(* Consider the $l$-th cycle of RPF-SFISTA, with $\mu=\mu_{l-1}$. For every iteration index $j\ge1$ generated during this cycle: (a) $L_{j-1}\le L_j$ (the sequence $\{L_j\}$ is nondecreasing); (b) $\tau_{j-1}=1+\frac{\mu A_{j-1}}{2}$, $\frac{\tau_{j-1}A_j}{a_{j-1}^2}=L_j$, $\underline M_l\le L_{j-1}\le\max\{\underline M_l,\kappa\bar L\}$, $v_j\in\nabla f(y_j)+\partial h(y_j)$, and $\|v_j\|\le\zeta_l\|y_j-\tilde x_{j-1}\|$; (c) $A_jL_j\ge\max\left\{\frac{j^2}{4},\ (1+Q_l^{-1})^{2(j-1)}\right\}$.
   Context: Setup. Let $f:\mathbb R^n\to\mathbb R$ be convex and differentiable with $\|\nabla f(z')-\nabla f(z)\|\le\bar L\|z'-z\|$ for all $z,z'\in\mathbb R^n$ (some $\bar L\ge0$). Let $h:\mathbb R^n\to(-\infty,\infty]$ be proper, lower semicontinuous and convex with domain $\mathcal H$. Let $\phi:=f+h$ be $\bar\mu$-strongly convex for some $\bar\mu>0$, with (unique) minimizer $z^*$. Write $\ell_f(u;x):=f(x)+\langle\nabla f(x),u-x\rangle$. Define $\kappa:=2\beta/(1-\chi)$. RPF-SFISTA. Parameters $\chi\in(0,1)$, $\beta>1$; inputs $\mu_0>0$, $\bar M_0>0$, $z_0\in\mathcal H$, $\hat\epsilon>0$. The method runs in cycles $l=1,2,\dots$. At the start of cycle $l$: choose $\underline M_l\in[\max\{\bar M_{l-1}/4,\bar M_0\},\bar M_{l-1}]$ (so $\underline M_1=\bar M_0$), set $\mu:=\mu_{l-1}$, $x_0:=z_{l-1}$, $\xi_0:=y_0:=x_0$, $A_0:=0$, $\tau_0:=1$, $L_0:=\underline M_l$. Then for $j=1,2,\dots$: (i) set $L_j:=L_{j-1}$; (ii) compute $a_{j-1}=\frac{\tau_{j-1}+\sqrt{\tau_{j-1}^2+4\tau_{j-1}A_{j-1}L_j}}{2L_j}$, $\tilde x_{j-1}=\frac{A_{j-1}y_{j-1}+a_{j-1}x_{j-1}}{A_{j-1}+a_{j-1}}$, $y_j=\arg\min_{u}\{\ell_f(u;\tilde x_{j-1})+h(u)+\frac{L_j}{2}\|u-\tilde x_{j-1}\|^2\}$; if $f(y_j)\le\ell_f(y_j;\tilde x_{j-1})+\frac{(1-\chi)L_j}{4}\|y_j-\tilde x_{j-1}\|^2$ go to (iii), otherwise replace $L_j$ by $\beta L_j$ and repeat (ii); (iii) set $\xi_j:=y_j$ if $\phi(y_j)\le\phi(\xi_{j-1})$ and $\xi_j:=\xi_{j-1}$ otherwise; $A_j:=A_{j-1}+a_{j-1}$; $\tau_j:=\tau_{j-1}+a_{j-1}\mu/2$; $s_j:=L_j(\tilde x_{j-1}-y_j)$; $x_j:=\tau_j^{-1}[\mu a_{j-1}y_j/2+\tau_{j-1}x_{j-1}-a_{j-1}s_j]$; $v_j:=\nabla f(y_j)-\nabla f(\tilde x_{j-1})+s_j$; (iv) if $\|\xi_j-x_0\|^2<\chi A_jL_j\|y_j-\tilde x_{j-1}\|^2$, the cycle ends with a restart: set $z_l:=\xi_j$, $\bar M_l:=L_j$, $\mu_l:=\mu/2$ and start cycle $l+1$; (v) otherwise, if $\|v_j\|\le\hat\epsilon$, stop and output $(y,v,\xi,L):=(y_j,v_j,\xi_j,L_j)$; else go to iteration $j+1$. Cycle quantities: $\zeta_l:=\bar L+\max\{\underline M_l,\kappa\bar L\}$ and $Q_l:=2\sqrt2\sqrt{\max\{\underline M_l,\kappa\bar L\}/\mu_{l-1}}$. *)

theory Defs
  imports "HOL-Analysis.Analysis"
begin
++++++++++
# The task
After reading the listing, copy it out exactly and in full.

# Response
(* Consider the $l$-th cycle of RPF-SFISTA, with $\mu=\mu_{l-1}$. For every iteration index $j\ge1$ generated during this cycle: (a) $L_{j-1}\le L_j$ (the sequence $\{L_j\}$ is nondecreasing); (b) $\tau_{j-1}=1+\frac{\mu A_{j-1}}{2}$, $\frac{\tau_{j-1}A_j}{a_{j-1}^2}=L_j$, $\underline M_l\le L_{j-1}\le\max\{\underline M_l,\kappa\bar L\}$, $v_j\in\nabla f(y_j)+\partial h(y_j)$, and $\|v_j\|\le\zeta_l\|y_j-\tilde x_{j-1}\|$; (c) $A_jL_j\ge\max\left\{\frac{j^2}{4},\ (1+Q_l^{-1})^{2(j-1)}\right\}$.
   Context: Setup. Let $f:\mathbb R^n\to\mathbb R$ be convex and differentiable with $\|\nabla f(z')-\nabla f(z)\|\le\bar L\|z'-z\|$ for all $z,z'\in\mathbb R^n$ (some $\bar L\ge0$). Let $h:\mathbb R^n\to(-\infty,\infty]$ be proper, lower semicontinuous and convex with domain $\mathcal H$. Let $\phi:=f+h$ be $\bar\mu$-strongly convex for some $\bar\mu>0$, with (unique) minimizer $z^*$. Write $\ell_f(u;x):=f(x)+\langle\nabla f(x),u-x\rangle$. Define $\kappa:=2\beta/(1-\chi)$. RPF-SFISTA. Parameters $\chi\in(0,1)$, $\beta>1$; inputs $\mu_0>0$, $\bar M_0>0$, $z_0\in\mathcal H$, $\hat\epsilon>0$. The method runs in cycles $l=1,2,\dots$. At the start of cycle $l$: choose $\underline M_l\in[\max\{\bar M_{l-1}/4,\bar M_0\},\bar M_{l-1}]$ (so $\underline M_1=\bar M_0$), set $\mu:=\mu_{l-1}$, $x_0:=z_{l-1}$, $\xi_0:=y_0:=x_0$, $A_0:=0$, $\tau_0:=1$, $L_0:=\underline M_l$. Then for $j=1,2,\dots$: (i) set $L_j:=L_{j-1}$; (ii) compute $a_{j-1}=\frac{\tau_{j-1}+\sqrt{\tau_{j-1}^2+4\tau_{j-1}A_{j-1}L_j}}{2L_j}$, $\tilde x_{j-1}=\frac{A_{j-1}y_{j-1}+a_{j-1}x_{j-1}}{A_{j-1}+a_{j-1}}$, $y_j=\arg\min_{u}\{\ell_f(u;\tilde x_{j-1})+h(u)+\frac{L_j}{2}\|u-\tilde x_{j-1}\|^2\}$; if $f(y_j)\le\ell_f(y_j;\tilde x_{j-1})+\frac{(1-\chi)L_j}{4}\|y_j-\tilde x_{j-1}\|^2$ go to (iii), otherwise replace $L_j$ by $\beta L_j$ and repeat (ii); (iii) set $\xi_j:=y_j$ if $\phi(y_j)\le\phi(\xi_{j-1})$ and $\xi_j:=\xi_{j-1}$ otherwise; $A_j:=A_{j-1}+a_{j-1}$; $\tau_j:=\tau_{j-1}+a_{j-1}\mu/2$; $s_j:=L_j(\tilde x_{j-1}-y_j)$; $x_j:=\tau_j^{-1}[\mu a_{j-1}y_j/2+\tau_{j-1}x_{j-1}-a_{j-1}s_j]$; $v_j:=\nabla f(y_j)-\nabla f(\tilde x_{j-1})+s_j$; (iv) if $\|\xi_j-x_0\|^2<\chi A_jL_j\|y_j-\tilde x_{j-1}\|^2$, the cycle ends with a restart: set $z_l:=\xi_j$, $\bar M_l:=L_j$, $\mu_l:=\mu/2$ and start cycle $l+1$; (v) otherwise, if $\|v_j\|\le\hat\epsilon$, stop and output $(y,v,\xi,L):=(y_j,v_j,\xi_j,L_j)$; else go to iteration $j+1$. Cycle quantities: $\zeta_l:=\bar L+\max\{\underline M_l,\kappa\bar L\}$ and $Q_l:=2\sqrt2\sqrt{\max\{\underline M_l,\kappa\bar L\}/\mu_{l-1}}$. *)

theory Defs
  imports "HOL-Analysis.Analysis"
begin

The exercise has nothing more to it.